Foos’s friends testified that Foos only had one beer while they played pool at the bar, and Foos did not drink any alcohol while they were at the strip club. A jury found Foos guilty of OVI, and Foos appealed to the Ninth District Court of Appeals.
The Manifest Weight Of The Evidence
On appeal, Foos argued his conviction was ‘against the manifest weight of the evidence’. For this to be a winning argument, Foos would have to convince the court of appeals the jury ‘lost its way and created such a manifest miscarriage of justice that the conviction must be reversed.’ Convictions are rarely reversed on a ‘manifest weight’ claim, and Foos’s case was no exception. The Court of Appeals upheld the conviction despite the fact Foos’s conviction was based on circumstantial evidence.
Direct Evidence And Circumstantial Evidence
Ohio law makes a distinction between direct evidence and circumstantial evidence. Direct evidence is ‘testimony given by a witness who has seen or heard the facts about which the witness testifies’. Circumstantial evidence is ‘the proof of facts or circumstances by direct evidence from which [a jury] may reasonably infer other related or connected facts that naturally and logically follow according to the common experience of people’.

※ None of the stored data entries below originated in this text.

lemma convex_on_norm_sq: "convex_on UNIV (\<lambda>x::'a::real_inner. (norm x)\<^sup>2)"
proof (rule convex_onI)
  fix t :: real and x y :: 'a
  assume t: "0 < t" "t < 1"
  have "(1 - t) * (norm x)\<^sup>2 + t * (norm y)\<^sup>2 - (norm ((1 - t) *\<^sub>R x + t *\<^sub>R y))\<^sup>2
      = t * (1 - t) * (norm (x - y))\<^sup>2"
    unfolding power2_norm_eq_inner
    by (simp add: inner_add_left inner_add_right inner_diff_left inner_diff_right inner_commute algebra_simps)
  moreover have "0 \<le> t * (1 - t) * (norm (x - y))\<^sup>2" using t by simp
  ultimately show "(norm ((1 - t) *\<^sub>R x + t *\<^sub>R y))\<^sup>2 \<le> (1 - t) * (norm x)\<^sup>2 + t * (norm y)\<^sup>2"
    by linarith
qed simp

lemma P2_if_cvx_le:
  assumes "cvx_le \<nu> \<mu>" "P2 \<mu>" "prob_space \<nu>" "sets \<nu> = sets borel"
  shows "P2 \<nu>"
  using assms cvx_leD(1)[OF assms(1) convex_on_norm_sq P2D(3)[OF assms(2)]] unfolding P2_def by auto

definition voronoi_cell :: "'a::metric_space set \<Rightarrow> 'a \<Rightarrow> 'a set" where
  "voronoi_cell G a = {x. dist x a = infdist x G}"

lemma voronoi_cell_sets [measurable]: "voronoi_cell G a \<in> sets borel"
proof -
  have "closed (voronoi_cell G a)" unfolding voronoi_cell_def
    by (intro closed_Collect_eq continuous_on_infdist continuous_on_dist continuous_on_id continuous_on_const)
  then show ?thesis by simp
qed

fun first_nearest :: "'a::metric_space set \<Rightarrow> 'a \<Rightarrow> 'a list \<Rightarrow> 'a \<Rightarrow> 'a" where
  "first_nearest G d [] x = d"
| "first_nearest G d (c # cs) x = (if x \<in> voronoi_cell G c then c else first_nearest G d cs x)"

lemma first_nearest_in: "d \<in> G \<Longrightarrow> set cs \<subseteq> G \<Longrightarrow> first_nearest G d cs x \<in> G"
  by (induction cs) auto

lemma dist_first_nearest:
  "\<exists>c\<in>set cs. x \<in> voronoi_cell G c \<Longrightarrow> dist x (first_nearest G d cs x) = infdist x G"
  by (induction cs) (auto simp: voronoi_cell_def)

lemma borel_measurable_first_nearest:
  "first_nearest G d cs \<in> borel_measurable (borel :: 'a::euclidean_space measure)"
  by (induction cs) (auto intro!: measurable_If_set)

lemma nearest_proj_qproj:
  fixes G :: "'a::euclidean_space set"
  assumes "finite G" "G \<noteq> {}"
  shows "nearest_proj G (qproj G)"
proof -
  obtain cs where cs: "set cs = G" using finite_list[OF assms(1)] by blast
  obtain d where d: "d \<in> G" using assms by auto
  have "nearest_proj G (first_nearest G d cs)"
    unfolding nearest_proj_def
  proof (intro conjI allI borel_measurable_first_nearest)
    fix x
    show "first_nearest G d cs x \<in> G" using first_nearest_in[OF d] cs by simp
    obtain c where "c \<in> G" "infdist x G = dist x c" using infdist_attained[OF assms] by blast
    then show "dist x (first_nearest G d cs x) = infdist x G"
      using cs by (intro dist_first_nearest) (auto simp: voronoi_cell_def)
  qed
  then show ?thesis unfolding qproj_def by (rule someI[where P = "nearest_proj G"])
qed

lemma
  fixes G :: "'a::euclidean_space set"
  assumes "finite G" "G \<noteq> {}"
  shows borel_measurable_qproj: "qproj G \<in> borel_measurable borel"
    and qproj_in: "qproj G x \<in> G"
    and dist_qproj: "dist x (qproj G x) = infdist x G"
  using nearest_proj_qproj[OF assms] unfolding nearest_proj_def by auto

lemma sum_indicator_vimage_singleton:
  assumes "finite G" "p x \<in> G"
  shows "(\<Sum>a\<in>G. indicator (p -` {a}) x * f a x) = (f (p x) x :: real)"
proof -
  have "(\<Sum>a\<in>G. indicator (p -` {a}) x * f a x) = (\<Sum>a\<in>G. if a = p x then f a x else 0)"
    by (intro sum.cong) (auto simp: indicator_def)
  then show ?thesis using assms by (simp add: sum.delta')
qed
(* Let $u$ and $v$ be vertices of $G$. When routing from $u$ to $v$, the routing algorithm reaches $v$ after traversing at most $O(\log n)$ edges.
   Context: Let $T$ be a rooted tree on $n$ vertices with positive edge weights; $\delta_T(a,b)$ is the weight of the path in $T$ from $a$ to $b$. Ancestor/descendant refer to $T$, and a vertex counts as its own ancestor and descendant; "deepest"/"highest" refer to depth in $T$. $T_v$ is the subtree of $T$ rooted at $v$. For every non-leaf vertex $v$ fix a child $c_1(v)$ with $|T_{c_1(v)}|$ maximal; edges $(v,c_1(v))$ are leftmost. A subtree $R$ of $T$ is rooted at its vertex closest to the root, $rt(R)$, and inherits the leftmost labelling; $R_v$ is the subtree of $R$ rooted at $v$. $P_R(v)$ is the longest downward path from $v$ in $R$ using only leftmost edges, with last vertex $l(v)$; $l(R):=l(rt(R))$. A vertex $v$ of $R$ is $d$-balanced if $|R_{c_1(v)}|\le |R|-d$ (with $|R_{c_1(v)}|=0$ if $c_1(v)$ is undefined or not in $R$); $b_d(v)$ is the first $d$-balanced vertex on $P_R(v)$, or NULL. $CV(R,d)=\emptyset$ if $b_d(rt(R))$ is NULL, else $\{b\}\cup\bigcup_w CV(R_w,d)$ with $b=b_d(rt(R))$ and $w$ ranging over children of $b$ in $R$. Fix an integer $k\ge4$; for a subtree $R$ with $m$ vertices, $C_R=V(R)$ if $k\ge m/2-1$, else $C_R=CV(R,m/k)\cup\{l(R),rt(R)\}$. Canonical subtrees: $T$ is canonical; if $R$ is canonical, each component of $R$ minus $C_R$ is canonical. Each vertex $v$ lies in $C_R$ for exactly one canonical $R$, denoted $T^v$. The spanner $G$ has vertex set $V(T)$ and edges: all edges of $T$, and all pairs of distinct vertices of $C_R$ for every canonical $R$; edge $(a,b)$ has weight $\delta_T(a,b)$. Routing algorithm from current vertex $u$ to destination $v$, repeated until $v$ is reached: Case 0: if $v$ is adjacent to $u$, move to $v$. Case 1: $u$ is an ancestor of $v$; let $X$ be the vertices of $C_{T^u}$ that are ancestors of $v$, $x$ the deepest; move to $x$, then to the child of $x$ that is an ancestor of $v$. Case 2: $u$ is a descendant of $v$; let $X$ be the vertices of $C_{T^u}$ that are descendants of $v$ and ancestors of $u$, $x$ the highest; move to $x$, then to the parent of $x$. Case 3: $u$ is neither; let $X$ be the vertices of $C_{T^u}$ that are ancestors of $v$ but not of $u$, and $Y$ those that are ancestors of $u$ but not of $v$, $y$ the highest vertex of $Y$. Case 3 a): $X=\emptyset$: move to $y$, then to the parent of $y$. Case 3 b): $X\neq\emptyset$: with $x$ the deepest vertex of $X$ and $x'$ the child of $x$ that is an ancestor of $v$, move to $x$, then to $x'$. (Moving to the current vertex means staying.) *)

theory Defs
  imports Complex_Main
begin

definition anc :: "('a \<Rightarrow> 'a) \<Rightarrow> 'a \<Rightarrow> 'a \<Rightarrow> bool" where
  "anc p a b \<longleftrightarrow> (\<exists>i. (p ^^ i) b = a)"

definition rooted_tree :: "'a set \<Rightarrow> 'a \<Rightarrow> ('a \<Rightarrow> 'a) \<Rightarrow> bool" where
  "rooted_tree V r p \<longleftrightarrow> finite V \<and> r \<in> V \<and> p r = r \<and> (\<forall>v\<in>V. p v \<in> V) \<and> (\<forall>v\<in>V. anc p r v)"

definition children :: "'a set \<Rightarrow> 'a \<Rightarrow> ('a \<Rightarrow> 'a) \<Rightarrow> 'a \<Rightarrow> 'a set" where
  "children V r p v = {w \<in> V. w \<noteq> r \<and> p w = v}"

definition desc :: "'a set \<Rightarrow> ('a \<Rightarrow> 'a) \<Rightarrow> 'a \<Rightarrow> 'a set" where
  "desc V p v = {w \<in> V. anc p v w}"

definition leftmost_choice :: "'a set \<Rightarrow> 'a \<Rightarrow> ('a \<Rightarrow> 'a) \<Rightarrow> ('a \<Rightarrow> 'a) \<Rightarrow> bool" where
  "leftmost_choice V r p c1 \<longleftrightarrow> (\<forall>v\<in>V. children V r p v \<noteq> {} \<longrightarrow>
      c1 v \<in> children V r p v \<and>
      (\<forall>w\<in>children V r p v. card (desc V p w) \<le> card (desc V p (c1 v))))"

(* a subtree of T (connected vertex set), identified with its vertex set *)
definition is_subtree :: "'a set \<Rightarrow> ('a \<Rightarrow> 'a) \<Rightarrow> 'a set \<Rightarrow> bool" where
  "is_subtree V p S \<longleftrightarrow> S \<subseteq> V \<and> S \<noteq> {} \<and>
     (\<exists>t\<in>S. \<forall>w\<in>S. anc p t w \<and> (\<forall>x. anc p t x \<and> anc p x w \<longrightarrow> x \<in> S))"
lemma kcomp_prefix:
  fixes \<gamma> :: "'s::{order,countable} set \<Rightarrow> ('s \<Rightarrow> 'e::countable) \<Rightarrow> ('s \<Rightarrow> 'e) measure"
    and f :: "_ \<Rightarrow> real"
  assumes P: "POS \<gamma>" and tb: "time_box \<Delta>"
    and "distinct ys" "set ys \<subseteq> \<Delta>" "\<forall>a\<in>set ys. \<forall>y\<in>\<Delta>. y < a \<longrightarrow> y \<in> set ys"
    and "sorted_wrt (\<lambda>a b. \<not> b < a) ys"
    and "f \<in> borel_measurable (Fsig (past \<Delta> \<union> outer \<Delta> \<union> set ys))" "\<forall>\<omega>. \<bar>f \<omega>\<bar> \<le> B"
  shows "kcomp \<gamma> ys f \<in> borel_measurable (Fsig (past \<Delta> \<union> outer \<Delta>))
     \<and> (\<forall>\<omega>. (\<integral>\<xi>. f \<xi> \<partial>(\<gamma> \<Delta> \<omega>)) = (\<integral>\<xi>. kcomp \<gamma> ys f \<xi> \<partial>(\<gamma> \<Delta> \<omega>)))"
  using assms(3-)
proof (induction ys arbitrary: f rule: rev_induct)
  case Nil
  then show ?case by (simp add: kcomp_def)
next
  case (snoc x xs)
  have tbD: "past \<Delta> \<inter> fut \<Delta> = {}" using tb by (simp add: time_box_def)
  have xD: "x \<in> \<Delta>" and x_new: "x \<notin> set xs" using snoc.prems by auto
  have last: "\<forall>a\<in>set xs. \<not> x < a" using snoc.prems(4) by (simp add: sorted_wrt_append)
  have pkx: "proper_oriented_kernel {x} (\<gamma> {x})" using POS_pok[OF P time_box_singleton] .
  define V where "V = past \<Delta> \<union> outer \<Delta> \<union> set xs \<union> {x}"
  note frontier = last_site_frontier[OF tbD snoc.prems(2,3) last V_def]
  have fV: "f \<in> borel_measurable (Fsig V)" using snoc.prems(5) by (simp add: V_def)
  define g where "g = (\<lambda>\<omega>. \<integral>\<sigma>. f \<sigma> \<partial>(\<gamma> {x} \<omega>))"
  have "V - {x} = past \<Delta> \<union> outer \<Delta> \<union> set xs"
    using x_new xD by (auto simp: V_def past_def outer_def)
  then have g_meas: "g \<in> borel_measurable (Fsig (past \<Delta> \<union> outer \<Delta> \<union> set xs))"
    using site_integral_measurable[OF pkx fV frontier(1,2)] by (simp add: g_def)
  have g_bound: "\<forall>\<omega>. \<bar>g \<omega>\<bar> \<le> B"
    unfolding g_def using pok_integral_bound[OF pkx Fsig_measurable_mono[OF fV frontier(2)] snoc.prems(6)] by blast
  have down: "\<forall>a\<in>set xs. \<forall>y\<in>\<Delta>. y < a \<longrightarrow> y \<in> set xs"
    using snoc.prems(3) last by fastforce
  have IH: "kcomp \<gamma> xs g \<in> borel_measurable (Fsig (past \<Delta> \<union> outer \<Delta>))
     \<and> (\<forall>\<omega>. (\<integral>\<xi>. g \<xi> \<partial>(\<gamma> \<Delta> \<omega>)) = (\<integral>\<xi>. kcomp \<gamma> xs g \<xi> \<partial>(\<gamma> \<Delta> \<omega>)))"
    using snoc.prems(1,2,4) down g_meas g_bound by (intro snoc.IH) (auto simp: sorted_wrt_append)
  have "(\<integral>\<sigma>. g \<sigma> \<partial>(\<gamma> \<Delta> \<omega>)) = (\<integral>\<xi>. f \<xi> \<partial>(\<gamma> \<Delta> \<omega>))" for \<omega>
    unfolding g_def using xD
    by (intro POS_consistent[OF P time_box_singleton tb _ Fsig_measurable_mono[OF fV frontier(2)]
          Fsig_measurable_mono[OF fV frontier(3)] snoc.prems(6)]) simp
  then show ?case using IH by (simp add: kcomp_snoc g_def)
qed

theorem mainTheorem2:
  fixes \<gamma> :: "'s::{order,countable} set \<Rightarrow> ('s \<Rightarrow> 'e::countable) \<Rightarrow> ('s \<Rightarrow> 'e) measure"
    and \<Delta> :: "'s set"
  assumes "standing_assms TYPE('s)"
    and "POS \<gamma>"
    and "time_box \<Delta>"
  shows "\<exists>xs. distinct xs \<and> set xs = \<Delta> \<and>
    (\<forall>f :: ('s \<Rightarrow> 'e) \<Rightarrow> real. f \<in> borel_measurable (Fsig (- fut \<Delta>)) \<and> (\<exists>B. \<forall>\<omega>. \<bar>f \<omega>\<bar> \<le> B) \<longrightarrow>
       (\<forall>\<omega>. (\<integral>\<xi>. f \<xi> \<partial>(\<gamma> \<Delta> \<omega>)) = kcomp \<gamma> xs f \<omega>))"
proof -
  have tbD: "past \<Delta> \<inter> fut \<Delta> = {}" and fin: "finite \<Delta>" using assms(3) by (auto simp: time_box_def)
  obtain xs where xs: "distinct xs" "set xs = \<Delta>" "sorted_wrt (\<lambda>a b. \<not> b < a) xs"
    using linear_extension[OF fin] by blast
  have pkD: "proper_oriented_kernel \<Delta> (\<gamma> \<Delta>)" using POS_pok[OF assms(2,3)] .
  have split: "- fut \<Delta> = past \<Delta> \<union> outer \<Delta> \<union> set xs" using compl_fut[OF tbD] xs(2) by auto
  show ?thesis
  proof (intro exI[of _ xs] conjI xs(1,2) allI impI)
    fix f :: "('s \<Rightarrow> 'e) \<Rightarrow> real" and \<omega>
    assume "f \<in> borel_measurable (Fsig (- fut \<Delta>)) \<and> (\<exists>B. \<forall>\<omega>. \<bar>f \<omega>\<bar> \<le> B)"
    then obtain B where f: "f \<in> borel_measurable (Fsig (- fut \<Delta>))" "\<forall>\<omega>. \<bar>f \<omega>\<bar> \<le> B" by blast
    have "kcomp \<gamma> xs f \<in> borel_measurable (Fsig (past \<Delta> \<union> outer \<Delta>))
        \<and> (\<forall>\<omega>. (\<integral>\<xi>. f \<xi> \<partial>(\<gamma> \<Delta> \<omega>)) = (\<integral>\<xi>. kcomp \<gamma> xs f \<xi> \<partial>(\<gamma> \<Delta> \<omega>)))"
      using f xs by (intro kcomp_prefix[OF assms(2,3)]) (auto simp: split)
    then show "(\<integral>\<xi>. f \<xi> \<partial>(\<gamma> \<Delta> \<omega>)) = kcomp \<gamma> xs f \<omega>"
      using pok_integral_boundary[OF pkD tbD] by simp
  qed
qed

end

A common illustration of direct and circumstantial evidence involves Johnny and a cherry pie. If a witness testifies she saw Johnny eat a piece of cherry pie, the witness’s testimony would be direct evidence Johnny at a piece of cherry pie. If, instead, the witness testifies there was a piece of cherry pie missing and Johnny was holding the pie tin with cherry pie on his face and hands, the witness’s testimony would be circumstantial evidence Johnny at a piece of cherry pie.
This Is Not Television
Foos’s conviction was based on circumstantial evidence. No witnesses testified he actually saw Foos operating a vehicle under the influence. Instead, the officers’ testified they observed the strong odor of alcohol, slurred speech, a bar wrist band, difficulty balancing, refusal to perform field sobriety tests, and refusal to take a breath test. Those observations were circumstantial evidence: the jury inferred from that evidence Foos was under the influence of alcohol and was in that condition when he operated (and crashed) the vehicle. The reality is nearly all OVI cases are based on circumstantial evidence.
In Ohio OVI trials, jurors are actually instructed to consider both direct evidence and circumstantial evidence in reaching a verdict. It turns out the ‘circumstantial evidence defense’ portrayed on television is not a viable defense for real Ohio OVI cases.